Chemistry: molecular biology and microbiology – Differentiated tissue or organ other than blood – per se – or...
Reexamination Certificate
1998-02-13
2001-06-26
Stucker, Jeffrey (Department: 1648)
Chemistry: molecular biology and microbiology
Differentiated tissue or organ other than blood, per se, or...
C424S423000, C623S002220, C204S157630
Reexamination Certificate
active
06251579
ABSTRACT:
BACKGROUND OF THE INVENTION
1. Field of the Invention
This invention relates, in general, to a process for cross-linking and stabilizing proteinaceous material, and in particular, to a process for oxidizing collagenous material in the absence of a photo-catalyst but in the presence of chemicals that promote an oxidation reaction. The invention also relates to the resulting cross-linked product.
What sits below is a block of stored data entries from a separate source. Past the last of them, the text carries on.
lemma osc_measurable[measurable]:
  "g \<in> borel_measurable borel \<Longrightarrow> osc a b g \<in> borel_measurable borel"
  unfolding osc_def by (auto intro!: borel_measurable_abs borel_measurable_diff)

lemma abs_osc_le_of_mono:
  fixes g :: "real \<Rightarrow> real"
  assumes ab: "a < b" and g: "g \<in> borel_measurable borel" "mono_on {a..b} g"
    and x: "x \<in> {a..b}"
  shows "\<bar>osc a b g x\<bar> \<le> g b - g a"
proof -
  have between: "g a \<le> g y \<and> g y \<le> g b" if "y \<in> {a..b}" for y
    using that ab by (auto intro: mono_onD[OF g(2)])
  have bound: "\<bar>g y\<bar> \<le> \<bar>g a\<bar> + \<bar>g b\<bar>" if "y \<in> {a..b}" for y
    using between[OF that] by linarith
  have "g a \<le> avg a b g" using between by (intro const_le_avg[OF ab g(1) bound]) auto
  moreover have "avg a b g \<le> g b" using between by (intro avg_le_const[OF ab g(1) bound]) auto
  ultimately show ?thesis using between[OF x] unfolding osc_def by auto
qed

lemma abs_osc_sqrt_pos_le:
  assumes "a < b" "x \<in> {a..b}"
  shows "\<bar>osc a b sqrt_pos x\<bar> \<le> sqrt (b - a)"
  using abs_osc_le_of_mono[OF assms(1) sqrt_pos_measurable mono_imp_mono_on[OF mono_sqrt_pos] assms(2)]
    sqrt_pos_diff_le[of a b] assms(1) by linarith

lemma set_integral_ind_unit:
  "(LINT x:{a..b}|lborel. ind_unit x) = measure lborel ({a..b} \<inter> {0..1})"
proof -
  have "(\<lambda>x. indicator {a..b} x *\<^sub>R ind_unit x) = indicator ({a..b} \<inter> {0..1})"
    by (auto simp: ind_unit_def split: split_indicator)
  then show ?thesis unfolding set_lebesgue_integral_def by simp
qed

lemma set_integral_ind_unit_bounds:
  assumes "a < b"
  shows "0 \<le> (LINT x:{a..b}|lborel. ind_unit x)" "(LINT x:{a..b}|lborel. ind_unit x) \<le> 1"
    "(LINT x:{a..b}|lborel. ind_unit x) \<le> b - a"
proof -
  show "0 \<le> (LINT x:{a..b}|lborel. ind_unit x)" by (simp add: set_integral_ind_unit)
  have "measure lborel ({a..b} \<inter> {0..1}) \<le> measure lborel {0..1::real}"
    by (rule measure_mono_fmeasurable) (auto simp: fmeasurable_def)
  then show "(LINT x:{a..b}|lborel. ind_unit x) \<le> 1" by (simp add: set_integral_ind_unit)
  have "measure lborel ({a..b} \<inter> {0..1}) \<le> measure lborel {a..b}"
    by (rule measure_mono_fmeasurable) (use assms in \<open>auto simp: fmeasurable_def\<close>)
  then show "(LINT x:{a..b}|lborel. ind_unit x) \<le> b - a"
    using assms by (simp add: set_integral_ind_unit)
qed

lemma abs_osc_ind_unit_le:
  assumes "a < b"
  shows "\<bar>osc a b ind_unit x\<bar> \<le> 1"
proof -
  have "0 \<le> avg a b ind_unit" "avg a b ind_unit \<le> 1"
    using set_integral_ind_unit_bounds[OF assms] assms unfolding avg_def by auto
  then show ?thesis unfolding osc_def by (auto simp: ind_unit_def split: split_indicator)
qed

lemma set_integral_osc_ind_unit_sq:
  assumes ab: "a < b"
  defines "m \<equiv> (LINT x:{a..b}|lborel. ind_unit x)"
  shows "(LINT x:{a..b}|lborel. (osc a b ind_unit x)^2) = m - m^2 / (b - a)"
proof -
  define \<mu> where "\<mu> = m / (b - a)"
  have mean: "avg a b ind_unit = \<mu>" unfolding avg_def \<mu>_def m_def ..
  have pointwise: "(osc a b ind_unit x)^2 = ind_unit x * (1 - 2 * \<mu>) + \<mu>^2" for x
    unfolding osc_def mean
    by (auto simp: ind_unit_def power2_eq_square algebra_simps split: split_indicator)
  have "set_integrable lborel {a..b} ind_unit"
    by (rule set_integrable_Icc_bounded[where M=1]) (auto simp: ind_unit_def)
  moreover have "set_integrable lborel {a..b} (\<lambda>_. \<mu>^2)"
    by (rule set_integrable_Icc_bounded[where M="\<mu>^2"]) auto
  ultimately have "(LINT x:{a..b}|lborel. ind_unit x * (1 - 2 * \<mu>) + \<mu>^2)
      = (LINT x:{a..b}|lborel. ind_unit x * (1 - 2 * \<mu>)) + (LINT x:{a..b}|lborel. \<mu>^2)"
    by (intro set_integral_add(2)) auto
  also have "\<dots> = m * (1 - 2 * \<mu>) + (b - a) * \<mu>^2"
    using ab by (simp add: set_integral_const m_def)
  also have "\<dots> = m - m^2 / (b - a)"
  proof -
    have "m * (1 - 2 * (m / r)) + r * (m / r)^2 = m - m^2 / r" if "r > 0" for r
      using that by (simp add: field_simps power2_eq_square)
    then show ?thesis using ab unfolding \<mu>_def by simp
  qed
  finally show ?thesis by (simp add: pointwise)
qed

lemma avg_osc_sqrt_pos_sq_le:
  assumes "a < b"
  shows "avg a b (\<lambda>x. (osc a b sqrt_pos x)^2) \<le> b - a"
proof -
  have "(osc a b sqrt_pos x)^2 \<le> b - a" if "x \<in> {a..b}" for x
    using power_mono[OF abs_osc_sqrt_pos_le[OF assms that], of 2] assms by simp
  then show ?thesis by (intro avg_le_const[OF assms, where M="b - a"]) auto
qed

lemma length_mult_avg_osc_ind_unit_sq_le:
  assumes "a < b"
  shows "(b - a) * avg a b (\<lambda>x. (osc a b ind_unit x)^2) \<le> 1"
proof -
  define m where "m = (LINT x:{a..b}|lborel. ind_unit x)"
  have "(b - a) * avg a b (\<lambda>x. (osc a b ind_unit x)^2) = m - m^2 / (b - a)"
    using assms set_integral_osc_ind_unit_sq[OF assms] unfolding avg_def m_def by simp
  also have "\<dots> \<le> m" using assms by simp
  also have "\<dots> \<le> 1" using set_integral_ind_unit_bounds[OF assms] by (simp add: m_def)
  finally show ?thesis .
qed

lemma sqrt_pos_ind_unit_S2_term_le:
  assumes ab: "a < b"
  shows "sqrt (avg a b (\<lambda>x. (osc a b sqrt_pos x)^2)) * sqrt (avg a b (\<lambda>x. (osc a b ind_unit x)^2)) \<le> 1"
proof -
  have "0 \<le> avg a b (\<lambda>x. (osc a b ind_unit x)^2)"
    using abs_osc_ind_unit_le[OF ab] by (intro const_le_avg[OF ab, where M=1]) (auto simp: abs_square_le_1)
  then have "avg a b (\<lambda>x. (osc a b sqrt_pos x)^2) * avg a b (\<lambda>x. (osc a b ind_unit x)^2) \<le> 1"
    using avg_osc_sqrt_pos_sq_le[OF ab] length_mult_avg_osc_ind_unit_sq_le[OF ab]
    by (meson mult_right_mono order_trans)
  then show ?thesis by (simp add: real_sqrt_mult[symmetric])
qed

lemma sqrt_pos_ind_unit_T2_term_le:
  assumes ab: "a < b"
  shows "sqrt (avg a b (\<lambda>x. (osc a b sqrt_pos x)^2 * (osc a b ind_unit x)^2)) \<le> 1"
proof -
  have osc1: "(osc a b sqrt_pos x)^2 \<le> b - a" if "x \<in> {a..b}" for x
    using power_mono[OF abs_osc_sqrt_pos_le[OF ab that], of 2] ab by simp
  have osc2: "(osc a b ind_unit x)^2 \<le> 1" for x
    using abs_osc_ind_unit_le[OF ab] by (simp add: abs_square_le_1)
  have prod: "(osc a b sqrt_pos x)^2 * (osc a b ind_unit x)^2 \<le> b - a" if "x \<in> {a..b}" for x
    using mult_mono[OF osc1[OF that] osc2] ab by simp
  have "avg a b (\<lambda>x. (osc a b sqrt_pos x)^2 * (osc a b ind_unit x)^2)
      \<le> avg a b (\<lambda>x. (b - a) * (osc a b ind_unit x)^2)"
  proof (rule avg_mono[OF ab])
    show "set_integrable lborel {a..b} (\<lambda>x. (osc a b sqrt_pos x)^2 * (osc a b ind_unit x)^2)"
      by (intro set_integrable_Icc_bounded[where M="b - a"]) (auto simp: abs_mult prod)
    show "set_integrable lborel {a..b} (\<lambda>x. (b - a) * (osc a b ind_unit x)^2)"
      using osc2 ab by (intro set_integrable_Icc_bounded[where M="b - a"]) (auto intro: mult_left_le)
    show "(osc a b sqrt_pos x)^2 * (osc a b ind_unit x)^2 \<le> (b - a) * (osc a b ind_unit x)^2"
      if "x \<in> {a..b}" for x
      using osc1[OF that] by (intro mult_right_mono) auto
  qed
  also have "\<dots> = (b - a) * avg a b (\<lambda>x. (osc a b ind_unit x)^2)"
    unfolding avg_def by simp
  also have "\<dots> \<le> 1" by (rule length_mult_avg_osc_ind_unit_sq_le[OF ab])
  finally show ?thesis by simp
qed

lemma osc_sqrt_pos_ge:
  assumes r: "r \<ge> 64" and x: "x \<in> {0..r/64}"
  shows "sqrt r / 4 \<le> osc 0 r sqrt_pos x"
proof -
  have sr: "sqrt (r/4) = sqrt r / 2" "sqrt (r/64) = sqrt r / 8" by (simp_all add: real_sqrt_divide)
  have "(r - r/4) * (sqrt r / 2) \<le> (LINT x:{0..r}|lborel. sqrt_pos x)"
  proof (rule set_integral_Icc_ge_subinterval[where M="sqrt r"])
    fix y assume "y \<in> {r/4..r}"
    then have "sqrt (r/4) \<le> sqrt_pos y" by (auto simp: sqrt_pos_def)
    then show "sqrt r / 2 \<le> sqrt_pos y" using sr by simp
  qed (use r in \<open>auto simp: sqrt_pos_def\<close>)
  then have "3 * sqrt r / 8 \<le> avg 0 r sqrt_pos" unfolding avg_def using r by (simp add: field_simps)
  moreover have "sqrt_pos x \<le> sqrt (r/64)" using x by (auto simp: sqrt_pos_def)
  ultimately show ?thesis using sr unfolding osc_def by (auto simp: abs_if)
qed

lemma osc_ind_unit_ge:
  assumes r: "r \<ge> 2" and x: "x \<in> {0..1}"
  shows "1/2 \<le> osc 0 r ind_unit x"
proof -
  have "{0..r} \<inter> {0..1} = {0..1::real}" using r by auto
  then have "avg 0 r ind_unit = 1 / r" unfolding avg_def set_integral_ind_unit by simp
  moreover have "1 / r \<le> 1/2" using r by (simp add: field_simps)
  ultimately show ?thesis using x unfolding osc_def by (auto simp: ind_unit_def)
qed

subsection \<open>Luxemburg averages of the oscillations on [0,r]\<close>

lemma superquadratic_level_ge:
  fixes C :: "real \<Rightarrow> real"
  assumes growth: "\<And>s. s \<ge> t0 \<Longrightarrow> K * s^2 \<le> C s" and t0: "t0 > 0" and K: "K > 0"
    and r: "K * t0^2 \<le> r" and l: "l > 0" and v: "v > 0" and level: "C (v / l) \<le> r"
  shows "v * sqrt (K / r) \<le> l"
proof -
  have "0 < K * t0^2" using K t0 by simp
  then have r0: "r > 0" using r by linarith
  show ?thesis
  proof (cases "v / l \<ge> t0")
    case True
    have "K * (v / l)^2 \<le> r" using growth[OF True] level by simp
    then have "K * v^2 \<le> r * l^2" using l by (simp add: power_divide pos_divide_le_eq)
    then have "K * v^2 / r \<le> l^2" using r0 by (simp add: pos_divide_le_eq mult.commute)
    moreover have "(v * sqrt (K / r))^2 = K * v^2 / r" using K r0 by (simp add: power_mult_distrib)
    ultimately have "(v * sqrt (K / r))^2 \<le> l^2" by simp
    from power2_le_imp_le[OF this] show ?thesis using l by simp
  next
    case False
    then have "v < t0 * l" using l by (simp add: not_le pos_divide_less_eq)
    then have "v / t0 < l" using t0 by (simp add: divide_less_eq mult.commute)
    have "K / r = (K * t0^2) / (r * t0^2)" using t0 by simp
    also have "\<dots> \<le> r / (r * t0^2)" using r r0 t0 by (intro divide_right_mono) auto
    also have "\<dots> = 1 / t0^2" using r0 by simp
    finally have "sqrt (K / r) \<le> 1 / t0"
      using t0 real_sqrt_le_mono by (fastforce simp: real_sqrt_divide)
    then have "v * sqrt (K / r) \<le> v / t0" using v by (simp add: mult_left_mono divide_inverse)
    with \<open>v / t0 < l\<close> show ?thesis by simp
  qed
qed
(* Let $L\ge 2$, let $\lambda_1>\cdots>\lambda_L\ge 0$ be known reals and $r_1,\ldots,r_L$ known positive integers. For $\sigma_\alpha^2\ge0$, $\sigma_\varepsilon^2>0$, let $S_\ell=(\lambda_\ell\sigma_\alpha^2+\sigma_\varepsilon^2)V_\ell$ with $V_1,\ldots,V_L$ independent, $V_\ell\sim\chi^2_{r_\ell}$, let $\rho=\sigma_\alpha^2/(\sigma_\alpha^2+\sigma_\varepsilon^2)$, and let $X=(X_1,\ldots,X_{L-1})$ with $X_\ell=(S_\ell/r_\ell)/(S_L/r_L)$, with sampling distribution $\mathsf{P}_{X\mid\rho,\sigma_\varepsilon^2}$. For $\alpha\in(0,1)$ define the plausibility interval $\Pi_\alpha(x)=\{r\in[0,1):\mathsf{pl}_{x\mid H_r(x),r}(r)>\alpha\}$, with $H_r$ and the plausibility function as defined in the context. Then for every $\rho\in[0,1)$ and every $\sigma_\varepsilon^2>0$, $\mathsf{P}_{X\mid\rho,\sigma_\varepsilon^2}\{\Pi_\alpha(X)\ni\rho\}=1-\alpha$.
   Context: Definitions: $f_\ell(\rho)=\dfrac{1+\rho(\lambda_\ell-1)}{1+\rho(\lambda_L-1)}$, $\ell=1,\ldots,L-1$; $U_\ell=(V_\ell/r_\ell)/(V_L/r_L)$, so $X_\ell=f_\ell(\rho)U_\ell$. Let $g(\rho)=\bigl(\tfrac{d}{d\rho}\log f_\ell(\rho)\bigr)_{\ell=1}^{L-1}$ and $M_\rho$ an $(L-2)\times(L-1)$ matrix whose rows form a basis of the orthogonal complement of $g(\rho)$ (vacuous if $L=2$). For $u,x\in(0,\infty)^{L-1}$: $\eta_\rho(u)=M_\rho(\log u_\ell)_{\ell}^\top$, $\tau(u)=\sum_\ell\log u_\ell$, $H_\rho(x)=M_\rho\bigl(\log(x_\ell/f_\ell(\rho))\bigr)_\ell^\top$, $T(x)=\sum_\ell\log x_\ell$, $\phi(\rho)=\sum_\ell\log f_\ell(\rho)$. For a value $h$, $\mathsf{P}_{V\mid h,\rho}$ is the conditional distribution of $V=\tau(U)$ given $\eta_\rho(U)=h$, $\mu_{h,\rho}$ its mean, and $F_{h,\rho}$ the distribution function of $|V-\mu_{h,\rho}|$ under $\mathsf{P}_{V\mid h,\rho}$. The plausibility function is $\mathsf{pl}_{x\mid h,\rho}(\rho)=1-F_{h,\rho}(|T(x)-\phi(\rho)-\mu_{h,\rho}|)$. *)

theory Defs
  imports "HOL-Probability.Probability"
begin

(* Indices: ell ranges over {1..L}; vectors in R^(L-1) are functions nat => real
   used on {1..L-1}; vectors in R^(L-2) (values h of eta) are extensional functions
   on {..<L-2}, measured with PiM. *)

definition chi2_density :: "nat \<Rightarrow> real \<Rightarrow> real" where
  "chi2_density k x = (if x > 0 then x powr (real k / 2 - 1) * exp (- x / 2)
                        / (2 powr (real k / 2) * Gamma (real k / 2)) else 0)"

definition fl :: "(nat \<Rightarrow> real) \<Rightarrow> nat \<Rightarrow> nat \<Rightarrow> real \<Rightarrow> real" where
  "fl lam L l r = (1 + r * (lam l - 1)) / (1 + r * (lam L - 1))"

definition gvec :: "(nat \<Rightarrow> real) \<Rightarrow> nat \<Rightarrow> real \<Rightarrow> nat \<Rightarrow> real" where
  "gvec lam L r l = deriv (\<lambda>t. ln (fl lam L l t)) r"

definition compl_basis :: "nat \<Rightarrow> (nat \<Rightarrow> real) \<Rightarrow> (nat \<Rightarrow> nat \<Rightarrow> real) \<Rightarrow> bool" where
  "compl_basis L g Mm \<longleftrightarrow>
     (\<forall>i<L-2. (\<Sum>l=1..L-1. Mm i l * g l) = 0) \<and>
     (\<forall>c. (\<forall>l\<in>{1..L-1}. (\<Sum>i<L-2. c i * Mm i l) = 0) \<longrightarrow> (\<forall>i<L-2. c i = 0)) \<and>
     (\<forall>v. (\<Sum>l=1..L-1. v l * g l) = 0 \<longrightarrow>
          (\<exists>c. \<forall>l\<in>{1..L-1}. v l = (\<Sum>i<L-2. c i * Mm i l)))"

definition eta :: "nat \<Rightarrow> (nat \<Rightarrow> nat \<Rightarrow> real) \<Rightarrow> (nat \<Rightarrow> real) \<Rightarrow> (nat \<Rightarrow> real)" where
  "eta L Mm u = restrict (\<lambda>i. \<Sum>l=1..L-1. Mm i l * ln (u l)) {..<L-2}"

definition tau :: "nat \<Rightarrow> (nat \<Rightarrow> real) \<Rightarrow> real" where
  "tau L u = (\<Sum>l=1..L-1. ln (u l))"

definition Hfun :: "(nat \<Rightarrow> real) \<Rightarrow> nat \<Rightarrow> (nat \<Rightarrow> nat \<Rightarrow> real) \<Rightarrow> real \<Rightarrow> (nat \<Rightarrow> real) \<Rightarrow> (nat \<Rightarrow> real)" where
  "Hfun lam L Mm r x = restrict (\<lambda>i. \<Sum>l=1..L-1. Mm i l * ln (x l / fl lam L l r)) {..<L-2}"

definition Tfun :: "nat \<Rightarrow> (nat \<Rightarrow> real) \<Rightarrow> real" where
  "Tfun L x = (\<Sum>l=1..L-1. ln (x l))"

definition phi :: "(nat \<Rightarrow> real) \<Rightarrow> nat \<Rightarrow> real \<Rightarrow> real" where
  "phi lam L r = (\<Sum>l=1..L-1. ln (fl lam L l r))"

definition hspace :: "nat \<Rightarrow> (nat \<Rightarrow> real) measure" where
  "hspace L = PiM {..<L-2} (\<lambda>_. borel)"

definition cond_mean :: "real measure \<Rightarrow> real" where
  "cond_mean P = (\<integral>v. v \<partial>P)"

definition dev_cdf :: "real measure \<Rightarrow> real \<Rightarrow> real" where
  "dev_cdf P t = measure P {v. \<bar>v - cond_mean P\<bar> \<le> t}"

text \<open>K r h is the conditional distribution P_{V|h,r}; pl x h r = pl_{x|h,r}(r).\<close>
definition plaus :: "(nat \<Rightarrow> real) \<Rightarrow> nat \<Rightarrow> (real \<Rightarrow> (nat \<Rightarrow> real) \<Rightarrow> real measure)
      \<Rightarrow> (nat \<Rightarrow> real) \<Rightarrow> (nat \<Rightarrow> real) \<Rightarrow> real \<Rightarrow> real" where
  "plaus lam L K x h r =
     1 - dev_cdf (K r h) \<bar>Tfun L x - phi lam L r - cond_mean (K r h)\<bar>"

definition plaus_interval :: "(nat \<Rightarrow> real) \<Rightarrow> nat \<Rightarrow> (real \<Rightarrow> nat \<Rightarrow> nat \<Rightarrow> real)
      \<Rightarrow> (real \<Rightarrow> (nat \<Rightarrow> real) \<Rightarrow> real measure) \<Rightarrow> real \<Rightarrow> (nat \<Rightarrow> real) \<Rightarrow> real set" where
  "plaus_interval lam L Mm K \<alpha> x =
     {r \<in> {0..<1}. plaus lam L K x (Hfun lam L (Mm r) r x) r > \<alpha>}"

definition is_cond_dist :: "'a measure \<Rightarrow> nat \<Rightarrow> ('a \<Rightarrow> nat \<Rightarrow> real)
      \<Rightarrow> (nat \<Rightarrow> nat \<Rightarrow> real) \<Rightarrow> ((nat \<Rightarrow> real) \<Rightarrow> real measure) \<Rightarrow> bool" where
  "is_cond_dist M L U Mm Kr \<longleftrightarrow>
     Kr \<in> hspace L \<rightarrow>\<^sub>M prob_algebra borel \<and>
     (\<forall>A\<in>sets (hspace L). \<forall>B\<in>sets borel.
        emeasure M {\<omega>\<in>space M. eta L Mm (U \<omega>) \<in> A \<and> tau L (U \<omega>) \<in> B}
        = (\<integral>\<^sup>+\<omega>. indicator A (eta L Mm (U \<omega>)) * emeasure (Kr (eta L Mm (U \<omega>))) B \<partial>M))"

end

theory Submission
  imports Defs
begin
(* Let $\Sigma$ be a finite alphabet and $w = w[1]w[2]\cdots w[n] \in \Sigma^*$ with $n \ge 1$. Algorithm A (described in the context) run on input $w$ returns TRUE if and only if $w \in L_{\mathrm{UNIQ}}$, i.e. if and only if $w$ is uniquely decodable from its bigrams.
   Context: Let $\$ \notin \Sigma$ be a delimiter symbol and $\Sigma_\$ = \Sigma \cup \{\$\}$. For a string $x \in \$\Sigma^*\$$, its bigram vector $\Phi(x) \in \mathbb{N}^{\Sigma_\$^2}$ records, for each pair $(c,d) \in \Sigma_\$^2$, the number of indices $j$ with $x[j]x[j+1] = cd$ (occurrences as a contiguous substring, counting overlaps). A string $w \in \Sigma^*$ is uniquely decodable, written $w \in L_{\mathrm{UNIQ}}$, if the only string $x \in \$\Sigma^*\$$ with $\Phi(x) = \Phi(\$w\$)$ is $x = \$w\$$. Algorithm A (input $w \in \Sigma^*$ of length $n$). It maintains: a "visited" flag for each $v \in \Sigma$; an "on a cycle" flag for each $v \in \Sigma$; and a directed graph $G$ with vertex set $\Sigma$ in which each ordered pair is either an edge or not. Initially no letter is visited, no letter is on a cycle, and $G$ has no edges. Mark $w[1]$ as visited. Then for $i = 2, \dots, n$: (1) If $w[i]$ has not been visited, mark it as visited. Otherwise, if the edge $w[i-1] \to w[i]$ is not already in $G$: if $w[i]$ is marked as on a cycle, return FALSE; otherwise mark $w[i]$ and all letters $w[j]$ for $j$ strictly between the previous occurrence of $w[i]$ (the largest $j_0 < i$ with $w[j_0] = w[i]$) and $i$ as on a cycle. (If the edge $w[i-1] \to w[i]$ is already in $G$, do nothing in this step.) (2) If there exist two distinct vertices $a, b \in \Sigma$ such that $a \to w[i]$ and $b \to w[i]$ are edges of $G$ and $a, b$ lie in the same strongly connected component of $G$ (where $a = w[i]$ or $b = w[i]$ is allowed), return FALSE. (3) Add the edge $w[i-1] \to w[i]$ to $G$. After the loop, return TRUE. *)

theory Defs
  imports Main
begin

text \<open>The delimiter $ is modelled as None in the type 'a option; letters of the
alphabet are Some a.  A string in $Sigma^*$ is thus the list
None # map Some u @ [None] for some u :: 'a list.\<close>

definition delim :: "'a list \<Rightarrow> 'a option list" where
  "delim u = None # map Some u @ [None]"

definition bigram_vec :: "'b list \<Rightarrow> ('b \<times> 'b) \<Rightarrow> nat" where
  "bigram_vec x = (\<lambda>(c, d). card {j. Suc j < length x \<and> x ! j = c \<and> x ! Suc j = d})"

definition L_UNIQ :: "'a list set" where
  "L_UNIQ = {w. \<forall>x. (\<exists>u. x = delim u) \<and> bigram_vec x = bigram_vec (delim w) \<longrightarrow> x = delim w}"

text \<open>Algorithm A.  Positions are 0-based: w ! 0 is w[1]; loop index k = i - 1.
State: (visited, on_cycle, G); None means FALSE has been returned.\<close>

definition prev_occ :: "'a list \<Rightarrow> nat \<Rightarrow> nat" where
  "prev_occ w k = Max {j. j < k \<and> w ! j = w ! k}"

definition same_scc :: "('a \<times> 'a) set \<Rightarrow> 'a \<Rightarrow> 'a \<Rightarrow> bool" where
  "same_scc G a b \<longleftrightarrow> (a, b) \<in> G\<^sup>* \<and> (b, a) \<in> G\<^sup>*"

definition algA_step ::
  "'a list \<Rightarrow> ('a set \<times> 'a set \<times> ('a \<times> 'a) set) option \<Rightarrow> nat
    \<Rightarrow> ('a set \<times> 'a set \<times> ('a \<times> 'a) set) option" where
  "algA_step w s k = (case s of None \<Rightarrow> None | Some (vis, cyc, G) \<Rightarrow>
     (let c = w ! k; p = w ! (k - 1);
          r1 = (if c \<notin> vis then Some (insert c vis, cyc)
                else if (p, c) \<in> G then Some (vis, cyc)
                else if c \<in> cyc then None
                else Some (vis, cyc \<union> {c} \<union> {w ! j | j. prev_occ w k < j \<and> j < k}))
      in case r1 of None \<Rightarrow> None
         | Some (vis', cyc') \<Rightarrow>
             if (\<exists>a b. a \<noteq> b \<and> (a, c) \<in> G \<and> (b, c) \<in> G \<and> same_scc G a b) then None
             else Some (vis', cyc', insert (p, c) G)))"
lemma
  assumes \<sigma>: "\<sigma> > 0" and \<eta>: "\<eta> > 0" and s: "s \<in> {-1, 0, 1}"
  shows integrable_sgn_add_rgauss_pair_moment_1:
      "integrable (lborel \<Otimes>\<^sub>M lborel)
        (\<lambda>(a, u). (if sgn (a + u) = s then 1 else 0) * a * (rgauss_density \<sigma> a * rgauss_density \<eta> u))"
    and integral_sgn_add_rgauss_pair_moment_1:
      "integral\<^sup>L (lborel \<Otimes>\<^sub>M lborel)
        (\<lambda>(a, u). (if sgn (a + u) = s then 1 else 0) * a * (rgauss_density \<sigma> a * rgauss_density \<eta> u))
        = s * \<sigma> / (2 * sqrt (pi * (\<sigma> + \<eta>)))"
proof -
  have "integrable (lborel \<Otimes>\<^sub>M lborel) (\<lambda>(a, u). \<bar>a * rgauss_density \<sigma> a\<bar> * \<bar>rgauss_density \<eta> u\<bar>)"
    using \<sigma> \<eta> by (intro integrable_pair_measure_mult integrable_abs integrable_rgauss_density_moment_1)
      (auto intro: lborel.sigma_finite_measure_axioms)
  then show int: "integrable (lborel \<Otimes>\<^sub>M lborel)
      (\<lambda>(a, u). (if sgn (a + u) = s then 1 else 0) * a * (rgauss_density \<sigma> a * rgauss_density \<eta> u))"
    by (rule Bochner_Integration.integrable_bound) (auto simp: abs_mult split: prod.splits)
  have inner: "(\<integral>a. (if sgn (a + u) = s then 1 else 0) * a * (rgauss_density \<sigma> a * rgauss_density \<eta> u) \<partial>lborel)
      = s * \<sigma> / 2 * (rgauss_density \<sigma> u * rgauss_density \<eta> u)" for u
  proof -
    have "(\<integral>a. (if sgn (a + u) = s then 1 else 0) * a * (rgauss_density \<sigma> a * rgauss_density \<eta> u) \<partial>lborel)
        = (\<integral>a. (if sgn (a + u) = s then 1 else 0) * (a * rgauss_density \<sigma> a) \<partial>lborel) * rgauss_density \<eta> u"
      by (subst integral_mult_left_zero[symmetric], rule Bochner_Integration.integral_cong)
         (simp_all add: ac_simps)
    then show ?thesis
      by (simp add: integral_sgn_add_rgauss_moment_1[OF \<sigma> s])
  qed
  show "integral\<^sup>L (lborel \<Otimes>\<^sub>M lborel)
      (\<lambda>(a, u). (if sgn (a + u) = s then 1 else 0) * a * (rgauss_density \<sigma> a * rgauss_density \<eta> u))
      = s * \<sigma> / (2 * sqrt (pi * (\<sigma> + \<eta>)))"
    using lborel_pair.integral_snd[OF int, unfolded inner]
    by (simp add: integral_rgauss_density_mult[OF \<sigma> \<eta>])
qed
2. Description of the Related Art
It has been stated that degeneration of collagen and elastin are major factors in the malfunction of bioprosthestic heart valves (A. Carpentier, Biological Tissue in Heart Valve Replacement, M.I. Ionescue et al. (Eds.), Butterworth, London, 1972). Carpentier developed a method for treating the tissue to inhibit inflammatory reactions by host cells while enhancing strength and flexibility, and to prevent the degeneration of collagen and elastin. This method involved washing the tissue in an acid, i.e., in Hanks solution, then oxidizing mucopolysaccharide and glycoprotein with metaperiodate to form aldehyde groups, and finally binding and cross-linking the aldehyde groups with amines. The cross-linkages were then stabilized with sodium borohydride. This method suffered because the tissue had a tendency to calcify.
Reagents and processes currently used for protein cross-linking generally depend upon the incorporation of the cross-linking reagent into the protein matrix to cross-link the &egr;-amino groups of lysine hydroxylysine, and/or other groups in the protein. Common cross-linking reagents in such processes include formaldehyde and glutaraldehyde; other processes include the introduction of a phthaloyl or adipoyl moiety into the protein via phthaloyl dichloride or adipoyl dichloride, respectively, and/or the introduction of a mereaptan for oxidization to a disulfide bond. The cross-linking processes, reactions and reagents of the prior art vary, but most involve incorporating the reagent into or around the protein. For example, when collagen fibrils are cross-linked with the reagent glutaraldehyde, a polymeric-like coating forms around the fibrils, resulting in stiffer collagen matrix (Cheung and Nimni, Connec. Tissue Res. 10:201, 1982 and Connec. Tissue Res. 13:109, 1984). the incorporation of glutaraldehyde in the collagen and in the coating lead to problems such as an increased tendency of the collagen-containing tissue to calcify and a slow bleeding of the fixating agent from the tissue after it has been implanted into a host animal.
Acid has the well-known effect of denaturing the protein comprising the collagen fibril. It is, of course, the three-dimensional structure of the proteins comprising the collagen fibril which imparts to the fibril the unique properties of collagen. If there are changes to the structure of the collagen fibril, the protein cannot interact in the manner needed to give rise to those unique properties. Collagen molecules extracted by acid and neutral salt procedures differ in many respects from the natural product, including the extent to which they are covalently cross-linked, the size, shape, interaction properties and rate of fiber formation. (P. H. von Hipple, “Structural and Stabilization of the Collagen Molecule in Solution” in Treatise on Collagen, Vol. 1: Chemistry of Collagen, G. N. Ramachandran (Ed.), London: Academic Press Inc. (London) Ltd. (1967), pp. 253-338 at 262). Acid extraction does not provide collagen in a form useful for many medical applications.
A dye catalyzed process said to be useful for preparing thermostable, irreversibly cross-linked collagenous polymers is described in U.S. Pat. No. 3,152,976. This product is more susceptible to enzymatic degradation than uncross-linked collagen. Another type of dye catalyzed oxidative stabilization is described in U.S. Pat. No. 5,147,514. The tissue treated in this manner was resistant to calcification and provided material that was resistant to chemical and enzymatic degradation. However, these dyes are large and complex compounds, and there is concern about dyes remaining in the collagen bundles or tissue after treatment.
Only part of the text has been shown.